Quick overview, and installation of NDI Tools
The last step is to install the NDI Tools, which as we are in the same PC will be crazy, but this could be done in another computer, which could show our OBS origin, imagine the possibilities! Let’s go to the mess, first of all the web, here it is:
The installation is a next-next, once we’re done, we’ll have to make sure that NDI starts up with the equipment, I prefer it that way.
OBS configuration with titles and with our webcam
We’re almost there, what nerves! We open OBS one last time, we create a new scene that has the webcam and an image above it, in my case the titles that you can see, that you can create with Paint, PowerPoint, Photoshop, etc.
We already have almost everything in OBS Studio, finally, we will click on Tools, and in NDI, we will click:
And we will put a name to our output from OBS, we can have the preview and the final shot:
That’s all for OBS.
Configuration in Microsoft Teams (or any other software)

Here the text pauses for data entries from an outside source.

(* Let $F$ be an algebraically closed field of characteristic $\neq 2$, $R=F[t]$ with the involution ${}^*$ described in the context. Let $0\le r\le n$ and let $f_1,\ldots,f_n$ be a sequence of homogeneous elements of $R$ such that $f_1,\ldots,f_r$ are monic, each dividing the next one, and $f_{r+1}=\cdots=f_n=0$. Then $f_1,\ldots,f_n$ is the list of invariant factors of some hermitian (resp. skew-hermitian) matrix $A\in M_n(R)$ of rank $r$ if and only if the following two conditions hold: (i) every maximal run $f_i,f_{i+1},\ldots,f_j$ of consecutive terms that are nonzero and odd (resp. nonzero and even) has even length $j-i+1$; write such a run as $g_i,h_i,g_{i+2},h_{i+2},\ldots,g_{j-1},h_{j-1}$ (so $g_k=f_k$, $h_k=f_{k+1}$ for $k=i,i+2,\ldots,j-1$); (ii) for each such pair $(g_k,h_k)$ one has $h_k=g_kp_kp_k^*$ for some pure $p_k\in R$.
   Context: $R=F[t]$ is the polynomial ring over $F$, and ${}^*$ is the $F$-algebra involution of $R$ that is the identity on $F$ and sends $t$ to $-t$. An element $a\in R$ is even if $a^*=a$, odd if $a^*=-a$, and homogeneous if it is even or odd. A nonzero $a\in R$ is pure if $\gcd(a,a^* )=1$. For $A=(a_{ij})\in M_n(R)$, $A^*$ is the matrix whose $(i,j)$ entry is $a_{ji}^*$; $A$ is hermitian if $A^*=A$ and skew-hermitian if $A^*=-A$. The invariant factors of $A$ are the diagonal entries of its Smith normal form over the PID $R$, the nonzero ones normalized to be monic. *)

theory Defs
  imports "HOL-Computational_Algebra.Polynomial" "Jordan_Normal_Form.Determinant"
    "Jordan_Normal_Form.DL_Submatrix"
begin

definition pstar :: "'a::comm_ring_1 poly \<Rightarrow> 'a poly" where
  "pstar p = pcompose p [:0, -1:]"
theorem lemma2p4:
  fixes n :: nat and J :: "'a::field mat set"
  assumes "alg_closed_field TYPE('a)"
    and "(2::'a) \<noteq> 0"
    and "jordan_subalgebra J (Hj n)"
    and "jordan_isomorphic (carrier_mat n n) J"
  shows "\<exists>\<phi>. jordan_iso (Hj n) (Hj n) \<phi> \<and>
           \<phi> ` J = {four_block_mat X (0\<^sub>m n n) (0\<^sub>m n n) (transpose_mat X) | X.
                     X \<in> carrier_mat n n}"
proof -
  obtain f where f: "bij_betw f (carrier_mat n n) J" "jordan_hom_on (carrier_mat n n) f"
    using assms(4) unfolding jordan_isomorphic_def jordan_iso_def by blast
  have J: "J = f ` carrier_mat n n" using f(1) by (simp add: bij_betw_def)
  interpret Hj_representation n f
    using assms(2,3) f unfolding jordan_subalgebra_def bij_betw_def by unfold_locales auto
  obtain P where P: "P \<in> carrier_mat (n + n) (n + n)"
    and pres: "\<And>x y. symp_form n (mat_act P x) (mat_act P y) = symp_form n x y"
    and intertwines: "\<And>X. X \<in> carrier_mat n n \<Longrightarrow> f X * P = P * diag_embed n X"
    using intertwiner_exists by blast
  obtain Q where Q: "Q \<in> carrier_mat (n + n) (n + n)" "Q * P = 1\<^sub>m (n + n)" "P * Q = 1\<^sub>m (n + n)"
    using symp_form_preserving_mat_invertible[OF P pres] by blast
  have "Q * f X * P = diag_embed n X" if X: "X \<in> carrier_mat n n" for X
  proof -
    have "Q * f X * P = Q * P * diag_embed n X"
      using f_carrier[OF X] diag_embed_carrier[OF X] P Q(1) by (simp add: intertwines[OF X])
    then show ?thesis using diag_embed_carrier[OF X] Q(2) by simp
  qed
  then have "(\<lambda>Y. Q * Y * P) ` J = diag_embed n ` carrier_mat n n"
    unfolding J image_image by simp
  then show ?thesis
    using jordan_iso_conj_Hj[OF P Q(1) Q(2) Q(3) pres] unfolding diag_embed_def by blast
qed
lemma rcosets_of_rcoset:
  assumes "B \<subseteq> carrier G" "C \<subseteq> carrier G" "x \<in> carrier G"
  shows "(\<lambda>y. C #> y) ` (B #> x) = (\<lambda>S. S #> x) ` ((\<lambda>y. C #> y) ` B)"
proof -
  have "(\<lambda>y. C #> y) ` (B #> x) = (\<lambda>b. C #> (b \<otimes> x)) ` B"
    by (auto simp: r_coset_def)
  also have "\<dots> = (\<lambda>b. (C #> b) #> x) ` B"
    using assms by (intro image_cong) (auto simp: coset_mult_assoc)
  finally show ?thesis by (simp add: image_image)
qed

lemma card_rcosets_rcoset:
  assumes "B \<subseteq> carrier G" "C \<subseteq> carrier G" "x \<in> carrier G"
  shows "card ((\<lambda>y. C #> y) ` (B #> x)) = subgroup_index G B C"
proof -
  have "(\<lambda>y. C #> y) ` B \<subseteq> Pow (carrier G)"
    using r_coset_subset_G[OF assms(2)] assms(1) by blast
  with inj_on_rcoset_Pow[OF assms(3)] have "inj_on (\<lambda>S. S #> x) ((\<lambda>y. C #> y) ` B)"
    by (rule inj_on_subset)
  then show ?thesis
    using rcosets_of_rcoset[OF assms] by (simp add: card_image subgroup_index_def)
qed

lemma rcos_eq_mono:
  assumes B: "subgroup B G" and C: "subgroup C G" and "C \<subseteq> B"
    and y: "y1 \<in> carrier G" "y2 \<in> carrier G" and eq: "C #> y1 = C #> y2"
  shows "B #> y1 = B #> y2"
proof -
  have "y2 \<in> C #> y1"
    using rcos_self[OF y(2) C] eq by simp
  then have "y2 \<in> B #> y1"
    using \<open>C \<subseteq> B\<close> by (auto simp: r_coset_def)
  then show ?thesis
    using repr_independence[OF _ y(1) B] by simp
qed

lemma rcosets_eq_UN_rcosets:
  assumes A: "subgroup A G" and B: "subgroup B G" and "B \<subseteq> A"
  shows "(\<lambda>y. C #> y) ` A = (\<Union>S \<in> (\<lambda>x. B #> x) ` A. (\<lambda>y. C #> y) ` S)"
proof
  show "(\<lambda>y. C #> y) ` A \<subseteq> (\<Union>S \<in> (\<lambda>x. B #> x) ` A. (\<lambda>y. C #> y) ` S)"
  proof (rule image_subsetI)
    fix y assume "y \<in> A"
    then have "y \<in> B #> y"
      using rcos_self[OF _ B] subgroup.subset[OF A] by blast
    with \<open>y \<in> A\<close> show "C #> y \<in> (\<Union>S \<in> (\<lambda>x. B #> x) ` A. (\<lambda>y. C #> y) ` S)"
      by (intro UN_I[of "B #> y"] imageI)
  qed
  show "(\<Union>S \<in> (\<lambda>x. B #> x) ` A. (\<lambda>y. C #> y) ` S) \<subseteq> (\<lambda>y. C #> y) ` A"
    using \<open>B \<subseteq> A\<close> subgroup.m_closed[OF A] by (auto simp: r_coset_def)
qed
lemma unicone_insert_one:
  assumes U: "unicone G S Ps \<alpha> U"
  obtains \<beta> where "unicone G S Ps \<beta> (insert (Inl \<one>) U)"
proof (rule unicone_distances_to_one_bounded[OF U])
  fix \<beta>
  assume \<beta>: "\<alpha> \<le> \<beta>"
    "\<And>g. Inl g \<in> U \<Longrightarrow> word_dist G S \<one> g \<le> \<beta>"
    "\<And>g. Inl g \<in> U \<Longrightarrow> word_dist G S g \<one> \<le> \<beta>"
    "\<And>i A. Inr (i, A) \<in> U \<Longrightarrow> \<exists>a\<in>A. word_dist G S \<one> a \<le> \<beta>"
  have U_props: "finite U" "U \<subseteq> vertices G Ps" "card (Inr -` U) \<le> 1"
    using U by (simp_all add: unicone_def)
  have Inl_insert: "Inl -` insert (Inl \<one>) U = insert \<one> (Inl -` U)"
    and Inr_insert: "Inr -` insert (Inl \<one>) U = Inr -` U"
    by auto
  have "unicone G S Ps \<beta> (insert (Inl \<one>) U)"
    unfolding unicone_def Inl_insert Inr_insert
  proof (intro conjI ballI)
    show "finite (insert (Inl \<one>) U)" "insert (Inl \<one>) U \<noteq> {}" "card (Inr -` U) \<le> 1"
      using U_props by simp_all
    show "insert (Inl \<one>) U \<subseteq> vertices G Ps"
      using U_props(2) by (simp add: vertices_def)
  next
    fix x y
    assume "x \<in> insert \<one> (Inl -` U)" "y \<in> insert \<one> (Inl -` U)"
    moreover have "word_dist G S g h \<le> \<beta>" if "Inl g \<in> U" "Inl h \<in> U" for g h
      using unicone_word_dist[OF U that] \<beta>(1) by (rule order_trans)
    ultimately show "word_dist G S x y \<le> \<beta>"
      using \<beta>(2,3) by (cases "x = \<one>"; cases "y = \<one>") (simp_all add: word_dist_self)
  next
    fix A x
    assume A: "A \<in> Inr -` U" and x: "x \<in> insert \<one> (Inl -` U)"
    show "\<exists>b\<in>snd A. word_dist G S x b \<le> \<beta>"
    proof (cases "x = \<one>")
      case True
      then show ?thesis
        using \<beta>(4)[of "fst A" "snd A"] A by simp
    next
      case False
      then have "Inr (fst A, snd A) \<in> U" "Inl x \<in> U"
        using A x by auto
      then obtain b where "b \<in> snd A" "word_dist G S x b \<le> \<alpha>"
        by (rule unicone_near_cone_vertex[OF U])
      then show ?thesis
        using \<beta>(1) by (meson order_trans)
    qed
  qed
  then show ?thesis
    using that by blast
qed

theorem contractible_space_realisation_Rhat_inf:
  "contractible_space (realisation (Rhat_inf G S Ps))"
proof (rule contractible_space_realisation_cone)
  fix \<sigma>
  assume "\<sigma> \<in> Rhat_inf G S Ps"
  then obtain \<alpha> where "unicone G S Ps \<alpha> \<sigma>"
    by (auto simp: Rhat_inf_def Rhat_def)
  then obtain \<beta> where "unicone G S Ps \<beta> (insert (Inl \<one>) \<sigma>)"
    by (rule unicone_insert_one)
  then show "insert (Inl \<one>) \<sigma> \<in> Rhat_inf G S Ps"
    by (auto simp: Rhat_inf_def Rhat_def)
qed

We have a small last step, in the NDI of our taskbar, we will select the computer that is presenting, in this case, my computer, and the input that we want to have as NDI:
And then in Teams, Slack, Zoom, Webex, whatever, we’ll select the camera that’s called NDI:
Note, in your preview, you’ll be shown upside down. Don’t worry! The person who sees you sees you well! A greeting and I hope you like it.